What size dumpster is needed for 15sq of 3 tab?


----------



## Ed the Roofer (Jan 27, 2007)

Without plywood and only one layer, probably between a 5 yarder and a 10 yarder. 

Some dumpster companies will only ship out a 20 yarder for roofing debris though.

Ed


----------



## Docfletcher (Aug 1, 2007)

The roofer that gave me the estimate insists a 20 yard be used. Says it's better for his guys.:laughing:


----------



## Ed the Roofer (Jan 27, 2007)

To be honest with you, we only use our own dump truck, but on the few occasions when it is in for maintenance, we only order 20 yarders, as they can be moved to the next location for a small fee if the weight limit did not get met.

Dumpster prices are all over the board, depending where in the country you are located and how many disposal mlocations are near by, if they have not already been closed.

I always figure a minimum fee of $ 225.00 for any roof removal hauling, which is to cover the driving time and the overhead to cover for the expense of maintenance and repairs. That is the rare circumstance where we do not need to charge significantly more than that, just to cover our costs for disposal though.

Ed


----------



## Malcolm (Jun 7, 2007)

I got a 20 yard dumpster. I ripped up 12 sheets of plywood, 24 squares with felt, and a couple of small trees. It was about 3/4 full.


----------



## Docfletcher (Aug 1, 2007)

Guys that explains a lot. The roofer socks me $476.00 for a 20 yard dumpster. Then goes to other jobs on my dime. What a racket. No wonder when I did a little price exploration the dumpster guy told me just 10 yard would be more than enough for 15 sq of 3 tab. When I told him the roofer insisted on 20 yard he said that he was in the business for a very long time and it sounded like the roofer was trying to make some extra dough. 

I HAVE A LOT TO LEARN!!! Thank you both for leveling with me. :thumbsup:


----------



## Ed the Roofer (Jan 27, 2007)

In my area, they charge a minimum of $ 425.00 for a 20 yard dumpster.

I prefer my own dump truck for the convenience factor.

Most roof jobs always have a 20 yarder delivered to the job site. What if some additional materials need to be torn off and disposed of, such as delaminated plywood decking? 

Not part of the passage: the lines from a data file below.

lemma ball_append_blocks:
  fixes a b :: nat
  assumes "\<forall>i\<in>{1..a}. Q (PA i)" "\<forall>i\<in>{1..b}. Q (PB i)"
  shows "\<forall>i\<in>{1..a + b}. Q (if i \<le> a then PA i else PB (i - a))"
proof
  fix i assume "i \<in> {1..a + b}"
  show "Q (if i \<le> a then PA i else PB (i - a))"
  proof (cases "i \<le> a")
    case True
    then show ?thesis using assms(1) \<open>i \<in> {1..a + b}\<close> by simp
  next
    case False
    then have "i - a \<in> {1..b}" using \<open>i \<in> {1..a + b}\<close> by auto
    then show ?thesis using assms(2) False by simp
  qed
qed

lemma indexed_partition_append:
  assumes "indexed_partition A a PA" "indexed_partition B b PB" "A \<inter> B = {}"
  shows "indexed_partition (A \<union> B) (a + b) (\<lambda>i. if i \<le> a then PA i else PB (i - a))"
proof -
  let ?P = "\<lambda>i. if i \<le> a then PA i else PB (i - a)"
  have in_A: "?P i \<subseteq> A" if "i \<in> {1..a + b}" "i \<le> a" for i
    using that assms(1) by (auto simp: indexed_partition_def)
  have in_B: "?P i \<subseteq> B" if "i \<in> {1..a + b}" "\<not> i \<le> a" for i
  proof -
    have "i - a \<in> {1..b}" using that by auto
    then show ?thesis using that(2) assms(2) by (auto simp: indexed_partition_def)
  qed
  have "(\<Union>i\<in>{1..a + b}. ?P i) \<subseteq> A \<union> B"
  proof (rule UN_least)
    fix i assume "i \<in> {1..a + b}"
    then show "?P i \<subseteq> A \<union> B" using in_A[of i] in_B[of i] by blast
  qed
  moreover have "A \<subseteq> (\<Union>i\<in>{1..a + b}. ?P i)" "B \<subseteq> (\<Union>i\<in>{1..a + b}. ?P i)"
  proof
    fix x assume "x \<in> A"
    then obtain i where "i \<in> {1..a}" "x \<in> PA i"
      using assms(1) unfolding indexed_partition_def by blast
    then show "x \<in> (\<Union>i\<in>{1..a + b}. ?P i)" by (intro UN_I[of i]) auto
  next
    show "B \<subseteq> (\<Union>i\<in>{1..a + b}. ?P i)"
    proof
      fix x assume "x \<in> B"
      then obtain i where "i \<in> {1..b}" "x \<in> PB i"
        using assms(2) unfolding indexed_partition_def by blast
      then show "x \<in> (\<Union>i\<in>{1..a + b}. ?P i)" by (intro UN_I[of "i + a"]) auto
    qed
  qed
  moreover have "?P i \<inter> ?P j = {}" if "i \<in> {1..a + b}" "j \<in> {1..a + b}" "i \<noteq> j" for i j
  proof -
    consider "i \<le> a" "j \<le> a" | "\<not> i \<le> a" "\<not> j \<le> a" | "(i \<le> a) \<noteq> (j \<le> a)" by blast
    then show ?thesis
    proof cases
      case 1
      then show ?thesis using assms(1) that by (simp add: indexed_partition_def)
    next
      case 2
      then have "i - a \<in> {1..b}" "j - a \<in> {1..b}" "i - a \<noteq> j - a" using that by auto
      then show ?thesis using assms(2) 2 by (simp add: indexed_partition_def)
    next
      case 3
      then have "?P i \<subseteq> A \<and> ?P j \<subseteq> B \<or> ?P i \<subseteq> B \<and> ?P j \<subseteq> A"
        using in_A in_B that(1,2) by (cases "i \<le> a") simp_all
      then show ?thesis using assms(3) by blast
    qed
  qed
  ultimately show ?thesis unfolding indexed_partition_def by blast
qed

lemma exists_indexed_partition_append:
  assumes "indexed_partition A a PA" "indexed_partition B b PB" "A \<inter> B = {}"
    and "\<forall>i\<in>{1..a}. Q (PA i)" "\<forall>i\<in>{1..b}. Q (PB i)"
  shows "\<exists>P. indexed_partition (A \<union> B) (a + b) P \<and> (\<forall>i\<in>{1..a + b}. Q (P i))"
  using indexed_partition_append[OF assms(1-3)] ball_append_blocks[where Q = Q, OF assms(4,5)]
  by (intro exI[of _ "\<lambda>i. if i \<le> a then PA i else PB (i - a)"] conjI)

definition halving_loss :: "nat \<Rightarrow> nat \<Rightarrow> real" where
  "halving_loss l d = 2 * real l powr (-1/3) * (\<Sum>j<d. 2 powr (- real j / 3))"

lemma halving_loss_Suc:
  "halving_loss l (Suc d) = 2 * real l powr (-1/3) * 2 powr (- real d / 3) + halving_loss l d"
  by (simp add: halving_loss_def algebra_simps)

lemma partition_into_blocks_semideg_ge:
  fixes E :: "('a \<times> 'a) set" and U :: "'a set" and l N0 d t :: nat and \<gamma> :: real
  assumes "\<forall>N\<ge>N0. halving_failure_bound N < 1" and "1 \<le> l" "N0 \<le> l"
  shows "t \<le> 2 ^ d \<Longrightarrow> finite U \<Longrightarrow> card U = t * l \<Longrightarrow> semideg_ge E U (\<gamma> * (t * l)) \<Longrightarrow>
    \<exists>P. indexed_partition U t P \<and>
        (\<forall>i\<in>{1..t}. card (P i) = l \<and> semideg_ge E (P i) ((\<gamma> - halving_loss l d) * l))"
proof (induction d arbitrary: t U \<gamma>)
  case 0
  then have "t = 0 \<or> t = 1" by auto
  then show ?case
  proof
    assume "t = 0"
    then show ?thesis using "0.prems"
      by (intro exI[of _ "\<lambda>_. {}"]) (simp add: indexed_partition_def halving_loss_def)
  next
    assume "t = 1"
    then show ?thesis using "0.prems"
      by (intro exI[of _ "\<lambda>_. U"]) (simp add: indexed_partition_def halving_loss_def)
  qed
next
  case (Suc d)
  show ?case
  proof (cases "t \<le> 2 ^ d")
    case True
    have "(\<gamma> - halving_loss l (Suc d)) * l \<le> (\<gamma> - halving_loss l d) * l"
      by (intro mult_right_mono) (simp_all add: halving_loss_Suc)
    then show ?thesis
      using Suc.IH[OF True Suc.prems(2-4)] semideg_ge_mono by blast
  next
    case False
    define a where "a = (t + 1) div 2"
    define b where "b = t div 2"
    define \<eta> where "\<eta> = 2 * real l powr (-1/3) * 2 powr (- real d / 3)"
    have "(t + 1) div 2 \<le> M" "t div 2 \<le> M" if "t \<le> 2 * M" for M
      using that by presburger+
    then have "a \<le> 2 ^ d" "b \<le> 2 ^ d" "a + b = t"
      using \<open>t \<le> 2 ^ Suc d\<close> unfolding a_def b_def by simp_all
    have "2 ^ d < t" using False by simp
    then have "l \<le> t * l" by simp
    then have "N0 \<le> t * l" using \<open>N0 \<le> l\<close> by (rule le_trans[rotated])
    with assms(1) have "halving_failure_bound (t * l) < 1" by blast
    then obtain A B where "A \<union> B = U" "A \<inter> B = {}" "card A = a * l" "card B = b * l"
      and "semideg_ge E A ((\<gamma> - \<eta>) * (a * l))" "semideg_ge E B ((\<gamma> - \<eta>) * (b * l))"
      using semideg_ge_halve[OF _ \<open>1 \<le> l\<close> \<open>2 ^ d < t\<close> Suc.prems(2-4)]
      unfolding a_def[symmetric] b_def[symmetric] \<eta>_def[symmetric] by blast
    moreover have "finite A" "finite B" using \<open>A \<union> B = U\<close> \<open>finite U\<close> by auto
    ultimately obtain PA PB where "indexed_partition A a PA" "indexed_partition B b PB"
      and PA: "\<forall>i\<in>{1..a}. card (PA i) = l \<and> semideg_ge E (PA i) ((\<gamma> - halving_loss l (Suc d)) * l)"
      and PB: "\<forall>i\<in>{1..b}. card (PB i) = l \<and> semideg_ge E (PB i) ((\<gamma> - halving_loss l (Suc d)) * l)"
      using Suc.IH[OF \<open>a \<le> 2 ^ d\<close> \<open>finite A\<close> \<open>card A = a * l\<close> \<open>semideg_ge E A ((\<gamma> - \<eta>) * (a * l))\<close>]
        Suc.IH[OF \<open>b \<le> 2 ^ d\<close> \<open>finite B\<close> \<open>card B = b * l\<close> \<open>semideg_ge E B ((\<gamma> - \<eta>) * (b * l))\<close>]
      unfolding diff_diff_eq \<eta>_def halving_loss_Suc[symmetric] by blast
    show ?thesis
      using exists_indexed_partition_append[where
          Q = "\<lambda>X. card X = l \<and> semideg_ge E X ((\<gamma> - halving_loss l (Suc d)) * l)",
          OF \<open>indexed_partition A a PA\<close> \<open>indexed_partition B b PB\<close> \<open>A \<inter> B = {}\<close> PA PB]
      unfolding \<open>A \<union> B = U\<close> \<open>a + b = t\<close> .
  qed
qed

Then they would have to order a 2nd small but expensive 10 yarder to make sure they get all of your debris hauled away.

Ed


----------



## Docfletcher (Aug 1, 2007)

$425 Here for 20 Yard dumpster. $320 for 8 yard. The 8 yard will hold 24 sq.:yes:


----------



## elementx440 (Jan 24, 2007)

just paid $275.00 for 20yd from ROLL OFF INC in Cleveland Ohio area. 

Didn't use it for shingles, but I ran out of space and instead of spending $50 or so more for the next size, now I'll have to pay full price again  

oversize it...


----------



## Docfletcher (Aug 1, 2007)

elementx440 Ummm, Sounds like sage council. Here in Ct. I think the prices are higher if roofing material is what is being placed in the dumpster. I'll probably go with a 10 yard. :yes:


----------



## the roofing god (Aug 2, 2007)

packed well I have fit 15 sq. ,2 layer rip in a 12 yd:wink:


----------



## Docfletcher (Aug 1, 2007)

Sardine pack job:laughing:


----------



## the roofing god (Aug 2, 2007)

no just proper loading w/out airspaces:yes:


----------



## Docfletcher (Aug 1, 2007)

8 yard dumpster coming the 22nd. $330, ouch! Best rate I could find. To do any better I'd have to get rid of shingles in my 1/2 ton. $30.00 per 4sq x 4 trips. Heck with that!:laughing:


----------



## builderr (Dec 12, 2003)

*dumpster costs*

In addition to the actual dumpster cost,
your contractor is probably figuring in the time needed to meet the dumpster,
lay down some plywood to protect your property, and be there for the removal and possibly small amount of clean up after they leave.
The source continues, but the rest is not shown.